Work request: Provide again, from the entries below, every line from the one containing "unfolding in_tree_def by (auto simp: nth_append" through the one containing "in_tree off (butlast", exactly as written, and no other line.
[[ Task material, beginning ]]
(* In the setting of the context, assume $\gamma(n)\to\gamma>1$, $\delta>1$, and $F(K)=1$ for some $K<\infty$. Then there exist constants $0<C_3,C_4<\infty$ such that for $0\le\varepsilon<\frac13$, all $k\ge\frac{1+2\varepsilon}{2\log\delta}\log n$ and all sufficiently large $n$, $$\Pr\{\rho(n,k)\le(2k+1)K\mid |T'_k|\ne0,|T''_k|\ne0\}=\Pr\{\exists\text{ a conducting path between }\langle0\rangle'\text{ and }\langle0\rangle''\text{ in }N(n,k)\mid|T'_k|\ne0,|T''_k|\ne0\}\ge1-C_3n^{-C_4\varepsilon}.$$
   Context: $F$ is a distribution function on $[0,\infty)$ and $0\le\gamma(n)\le n$. Let $T',T''$ be independent, disjoint family trees of Bienaym\'e–Galton–Watson processes with $Z_0=1$ and Poisson offspring of mean $\delta$, with roots $\langle0\rangle',\langle0\rangle''$, generations $T'_k,T''_k$ and truncations $T'_{[k]},T''_{[k]}$ (generations $0,\dots,k$); every edge of $T'\cup T''$ gets an independent resistance with distribution $F$. The network $N(n,k)$ consists of $T'_{[k]}$, $T''_{[k]}$ and, for each pair $v'\in T'_k$, $v''\in T''_k$, an edge between them whose resistance has law $\Pr(\le x)=\frac{\gamma(n)}nF(x)$ ($0\le x<\infty$), $\Pr(=\infty)=1-\frac{\gamma(n)}n$, all independent of each other and of everything else. An edge or path is conducting if its resistance(s) are finite. $\rho(n,k)$ is the effective resistance between $\langle0\rangle'$ and $\langle0\rangle''$ in $N(n,k)$. *)

theory Defs
  imports "HOL-Probability.Probability"
begin

text \<open>The effective resistance is the minimal energy of a unit flow (infinite if none exists).\<close>

definition unit_flow ::
  "'v set \<Rightarrow> 'e set \<Rightarrow> ('e \<Rightarrow> 'v \<times> 'v) \<Rightarrow> ('e \<Rightarrow> ereal) \<Rightarrow> 'v \<Rightarrow> 'v \<Rightarrow> ('e \<Rightarrow> real) \<Rightarrow> bool" where
  "unit_flow V Ed ends r a b \<theta> \<longleftrightarrow>
     (\<forall>e\<in>Ed. r e = \<infinity> \<longrightarrow> \<theta> e = 0) \<and>
     (\<forall>x\<in>V. (\<Sum>e\<in>{e\<in>Ed. fst (ends e) = x}. \<theta> e) - (\<Sum>e\<in>{e\<in>Ed. snd (ends e) = x}. \<theta> e)
             = (if x = a then 1 else if x = b then -1 else 0))"

definition flow_energy :: "'e set \<Rightarrow> ('e \<Rightarrow> ereal) \<Rightarrow> ('e \<Rightarrow> real) \<Rightarrow> real" where
  "flow_energy Ed r \<theta> = (\<Sum>e\<in>{e\<in>Ed. r e \<noteq> \<infinity>}. real_of_ereal (r e) * (\<theta> e)\<^sup>2)"

definition eff_resistance ::
  "'v set \<Rightarrow> 'e set \<Rightarrow> ('e \<Rightarrow> 'v \<times> 'v) \<Rightarrow> ('e \<Rightarrow> ereal) \<Rightarrow> 'v \<Rightarrow> 'v \<Rightarrow> ereal" where
  "eff_resistance V Ed ends r a b =
     Inf {ereal (flow_energy Ed r \<theta>) | \<theta>. unit_flow V Ed ends r a b \<theta>}"

definition conducting_adj :: "'e set \<Rightarrow> ('e \<Rightarrow> 'v \<times> 'v) \<Rightarrow> ('e \<Rightarrow> ereal) \<Rightarrow> 'v \<Rightarrow> 'v \<Rightarrow> bool" where
  "conducting_adj Ed ends r x y \<longleftrightarrow>
     (\<exists>e\<in>Ed. r e \<noteq> \<infinity> \<and> (ends e = (x, y) \<or> ends e = (y, x)))"

definition conducting_path :: "'e set \<Rightarrow> ('e \<Rightarrow> 'v \<times> 'v) \<Rightarrow> ('e \<Rightarrow> ereal) \<Rightarrow> 'v \<Rightarrow> 'v \<Rightarrow> bool" where
  "conducting_path Ed ends r a b \<longleftrightarrow> (conducting_adj Ed ends r)\<^sup>*\<^sup>* a b"

text \<open>Independent random coordinates (Ulam--Harris labelling of the trees by nat lists):
  Off1 v / Off2 v: number of children of vertex v in T' / T'' (Poisson(delta));
  Res1 v / Res2 v: resistance of the edge from the parent of v to v in T' / T'' (law F);
  CrossB v' v'', CrossR v' v'': the cross edge between v' and v'' has resistance CrossR v' v''
  (law F) if CrossB v' v'' = 1 (probability gamma(n)/n) and infinite resistance otherwise;
  this gives exactly the law Pr(<= x) = gamma(n)/n F(x), Pr(= infinity) = 1 - gamma(n)/n.\<close>

datatype idx = Off1 "nat list" | Off2 "nat list" | Res1 "nat list" | Res2 "nat list"
  | CrossB "nat list" "nat list" | CrossR "nat list" "nat list"

datatype nedge = E1 "nat list" | E2 "nat list" | EC "nat list" "nat list"

definition coord_dist :: "real measure \<Rightarrow> real \<Rightarrow> real \<Rightarrow> idx \<Rightarrow> real measure" where
  "coord_dist \<mu> \<delta> p i = (case i of
       Off1 _ \<Rightarrow> measure_pmf (map_pmf real (poisson_pmf \<delta>))
     | Off2 _ \<Rightarrow> measure_pmf (map_pmf real (poisson_pmf \<delta>))
     | Res1 _ \<Rightarrow> \<mu>
     | Res2 _ \<Rightarrow> \<mu>
     | CrossB _ _ \<Rightarrow> measure_pmf (map_pmf (\<lambda>b. if b then 1 else 0) (bernoulli_pmf p))
     | CrossR _ _ \<Rightarrow> \<mu>)"

definition netP :: "real measure \<Rightarrow> real \<Rightarrow> (nat \<Rightarrow> real) \<Rightarrow> nat \<Rightarrow> (idx \<Rightarrow> real) measure" where
  "netP \<mu> \<delta> \<gamma> n = PiM UNIV (coord_dist \<mu> \<delta> (\<gamma> n / real n))"

definition in_tree :: "(nat list \<Rightarrow> nat) \<Rightarrow> nat list \<Rightarrow> bool" where
  "in_tree off v \<longleftrightarrow> (\<forall>j<length v. v ! j < off (take j v))"

definition off1 :: "(idx \<Rightarrow> real) \<Rightarrow> nat list \<Rightarrow> nat" where
  "off1 \<omega> v = nat \<lfloor>\<omega> (Off1 v)\<rfloor>"
definition off2 :: "(idx \<Rightarrow> real) \<Rightarrow> nat list \<Rightarrow> nat" where
  "off2 \<omega> v = nat \<lfloor>\<omega> (Off2 v)\<rfloor>"

definition gen1 :: "(idx \<Rightarrow> real) \<Rightarrow> nat \<Rightarrow> nat list set" where
  "gen1 \<omega> k = {v. in_tree (off1 \<omega>) v \<and> length v = k}"
definition gen2 :: "(idx \<Rightarrow> real) \<Rightarrow> nat \<Rightarrow> nat list set" where
  "gen2 \<omega> k = {v. in_tree (off2 \<omega>) v \<and> length v = k}"
definition trunc1 :: "(idx \<Rightarrow> real) \<Rightarrow> nat \<Rightarrow> nat list set" where
  "trunc1 \<omega> k = {v. in_tree (off1 \<omega>) v \<and> length v \<le> k}"
definition trunc2 :: "(idx \<Rightarrow> real) \<Rightarrow> nat \<Rightarrow> nat list set" where
  "trunc2 \<omega> k = {v. in_tree (off2 \<omega>) v \<and> length v \<le> k}"

definition N_vertices :: "(idx \<Rightarrow> real) \<Rightarrow> nat \<Rightarrow> (nat list + nat list) set" where
  "N_vertices \<omega> k = Inl ` trunc1 \<omega> k \<union> Inr ` trunc2 \<omega> k"

definition N_edges :: "(idx \<Rightarrow> real) \<Rightarrow> nat \<Rightarrow> nedge set" where
  "N_edges \<omega> k = E1 ` {v\<in>trunc1 \<omega> k. v \<noteq> []} \<union> E2 ` {v\<in>trunc2 \<omega> k. v \<noteq> []}
     \<union> (\<lambda>(v', v''). EC v' v'') ` (gen1 \<omega> k \<times> gen2 \<omega> k)"

fun N_ends :: "nedge \<Rightarrow> (nat list + nat list) \<times> (nat list + nat list)" where
  "N_ends (E1 v) = (Inl (butlast v), Inl v)"
| "N_ends (E2 v) = (Inr (butlast v), Inr v)"
| "N_ends (EC v' v'') = (Inl v', Inr v'')"

fun N_res :: "(idx \<Rightarrow> real) \<Rightarrow> nedge \<Rightarrow> ereal" where
  "N_res \<omega> (E1 v) = ereal (\<omega> (Res1 v))"
| "N_res \<omega> (E2 v) = ereal (\<omega> (Res2 v))"
| "N_res \<omega> (EC v' v'') = (if \<omega> (CrossB v' v'') = 1 then ereal (\<omega> (CrossR v' v'')) else \<infinity>)"

definition rho :: "(idx \<Rightarrow> real) \<Rightarrow> nat \<Rightarrow> ereal" where
  "rho \<omega> k = eff_resistance (N_vertices \<omega> k) (N_edges \<omega> k) N_ends (N_res \<omega>) (Inl []) (Inr [])"

definition roots_connected :: "(idx \<Rightarrow> real) \<Rightarrow> nat \<Rightarrow> bool" where
  "roots_connected \<omega> k \<longleftrightarrow> conducting_path (N_edges \<omega> k) N_ends (N_res \<omega>) (Inl []) (Inr [])"

definition cond_pr :: "'a measure \<Rightarrow> ('a \<Rightarrow> bool) \<Rightarrow> ('a \<Rightarrow> bool) \<Rightarrow> real" where
  "cond_pr M A B = measure M {x\<in>space M. A x \<and> B x} / measure M {x\<in>space M. B x}"

end

theory Submission
  imports Defs
begin

text \<open>Let \<open>f(t) = exp (\<delta> (t - 1))\<close> be the offspring generating function, so that the size
  \<open>Z\<^sub>k\<close> of generation \<open>k\<close> has \<open>E t^Z\<^sub>k = f^k(t)\<close>. Both trees survive to generation \<open>k\<close> with
  probability \<open>(1 - f^k(0))\<^sup>2 \<ge> (1 - 1/\<delta>)\<^sup>2\<close>. If they survive but the roots are not joined, then
  either one \<open>k\<close>-th generation has between \<open>1\<close> and \<open>x\<close> members, which has probability at most
  \<open>e (f^k(exp (-1/x)) - f^k(0))\<close>, or both have more than \<open>x\<close> members and none of the more than
  \<open>x\<^sup>2\<close> cross edges between them is present, which has probability at most \<open>exp (-p x\<^sup>2)\<close> with
  \<open>p = \<gamma>(n)/n\<close>.

  The iterates of \<open>f\<close> starting from \<open>exp (-1/x)\<close> fall below \<open>1/\<delta>\<close> after about \<open>log\<^sub>\<delta> x\<close> steps,
  and on \<open>[0, 1/\<delta>]\<close> the convex map \<open>f\<close> contracts by the factor \<open>\<delta> exp (1 - \<delta>) < 1\<close>; hence
  \<open>f^k(exp (-1/x)) - f^k(0) = O((x / \<delta>^k)^a)\<close> for some \<open>a > 0\<close>. With \<open>x = n^((1 + \<epsilon>)/2)\<close>
  and \<open>\<delta>^k \<ge> n^((1 + 2\<epsilon>)/2)\<close> both error terms are \<open>O(n^(-c \<epsilon>))\<close>.

  Finally, all resistances are at most \<open>K\<close> almost surely, so a single present cross edge yields
  a path of \<open>2k + 1\<close> edges and \<open>\<rho>(n,k) \<le> (2k + 1) K\<close>; conversely a finite \<open>\<rho>(n,k)\<close> requires a
  unit current between the roots and hence a conducting path.\<close>

section \<open>Galton--Watson family trees\<close>

definition generation :: "(nat list \<Rightarrow> nat) \<Rightarrow> nat \<Rightarrow> nat list set" where
  "generation off k = {v. in_tree off v \<and> length v = k}"

lemma in_tree_Nil [simp]: "in_tree off []"
  by (simp add: in_tree_def)

lemma in_tree_snoc [simp]: "in_tree off (v @ [i]) \<longleftrightarrow> in_tree off v \<and> i < off v"
  unfolding in_tree_def by (auto simp: nth_append less_Suc_eq)

lemma in_tree_take: "in_tree off v \<Longrightarrow> in_tree off (take j v)"
  unfolding in_tree_def by (auto simp: min_def)

lemma in_tree_butlast: "in_tree off v \<Longrightarrow> in_tree off (butlast v)"
  by (metis butlast_conv_take in_tree_take)

lemma generation_0 [simp]: "generation off 0 = {[]}"
  by (auto simp: generation_def)

lemma generation_Suc:
  "generation off (Suc k) = (\<lambda>(v, i). v @ [i]) ` Sigma (generation off k) (\<lambda>v. {..<off v})"
proof (intro set_eqI iffI)
  fix w assume "w \<in> generation off (Suc k)"
  then have w: "in_tree off w" "length w = Suc k" by (auto simp: generation_def)
  then obtain v i where "w = v @ [i]" by (metis length_Suc_conv_rev)
  with w show "w \<in> (\<lambda>(v, i). v @ [i]) ` Sigma (generation off k) (\<lambda>v. {..<off v})"
    by (auto simp: generation_def intro!: image_eqI[of _ _ "(v, i)"])
qed (auto simp: generation_def)

lemma finite_generation [simp]: "finite (generation off k)"
  by (induction k) (auto simp: generation_Suc)

lemma card_generation_Suc: "card (generation off (Suc k)) = (\<Sum>v\<in>generation off k. off v)"
proof -
  have "inj_on (\<lambda>(v, i). v @ [i]) (Sigma (generation off k) (\<lambda>v. {..<off v}))"
    by (auto simp: inj_on_def)
  then show ?thesis
    by (simp add: generation_Suc card_image)
qed

lemma generation_cong:
  assumes "\<And>u. length u < k \<Longrightarrow> off u = off' u"
  shows "generation off k = generation off' k"
  using assms unfolding generation_def in_tree_def by auto

definition offspring :: "(nat list \<Rightarrow> idx) \<Rightarrow> (idx \<Rightarrow> real) \<Rightarrow> nat list \<Rightarrow> nat" where
  "offspring c \<omega> v = nat \<lfloor>\<omega> (c v)\<rfloor>"

lemma off1_eq_offspring: "off1 \<omega> = offspring Off1 \<omega>"
  and off2_eq_offspring: "off2 \<omega> = offspring Off2 \<omega>"
  by (auto simp: fun_eq_iff off1_def off2_def offspring_def)

lemma gen1_eq_generation: "gen1 \<omega> k = generation (offspring Off1 \<omega>) k"
  and gen2_eq_generation: "gen2 \<omega> k = generation (offspring Off2 \<omega>) k"
  by (auto simp: gen1_def gen2_def generation_def off1_eq_offspring off2_eq_offspring)

section \<open>Iterates of the Poisson generating function\<close>

definition poisson_pgf :: "real \<Rightarrow> real \<Rightarrow> real" where
  "poisson_pgf \<delta> t = exp (\<delta> * (t - 1))"

lemma nn_integral_poisson_power:
  assumes "0 < \<delta>" and "0 \<le> t"
  shows "(\<integral>\<^sup>+j. ennreal (t ^ j) \<partial>measure_pmf (poisson_pmf \<delta>)) = ennreal (poisson_pgf \<delta> t)"
proof -
  have "(\<lambda>j. (\<delta> * t) ^ j / fact j * exp (-\<delta>)) sums (exp (\<delta> * t) * exp (-\<delta>))"
    using sums_mult2[OF exp_converges[of "\<delta> * t"], of "exp (-\<delta>)"]
    by (simp add: divide_inverse scaleR_conv_of_real mult.commute)
  then have sums: "(\<lambda>j. ennreal ((\<delta> * t) ^ j / fact j * exp (-\<delta>))) sums ennreal (poisson_pgf \<delta> t)"
    using assms by (subst sums_ennreal) (auto simp: poisson_pgf_def algebra_simps simp flip: exp_add)
  have "(\<integral>\<^sup>+j. ennreal (t ^ j) \<partial>measure_pmf (poisson_pmf \<delta>))
      = (\<Sum>j. ennreal (pmf (poisson_pmf \<delta>) j) * ennreal (t ^ j))"
    by (simp add: nn_integral_measure_pmf nn_integral_count_space_nat)
  also have "\<dots> = (\<Sum>j. ennreal ((\<delta> * t) ^ j / fact j * exp (-\<delta>)))"
    using assms by (intro suminf_cong) (simp add: power_mult_distrib flip: ennreal_mult'')
  also have "\<dots> = ennreal (poisson_pgf \<delta> t)"
    using sums by (rule sums_unique[symmetric])
  finally show ?thesis .
qed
[[ Task material, end ]]
Response below:
  unfolding in_tree_def by (auto simp: nth_append less_Suc_eq)

lemma in_tree_take: "in_tree off v \<Longrightarrow> in_tree off (take j v)"
  unfolding in_tree_def by (auto simp: min_def)

lemma in_tree_butlast: "in_tree off v \<Longrightarrow> in_tree off (butlast v)"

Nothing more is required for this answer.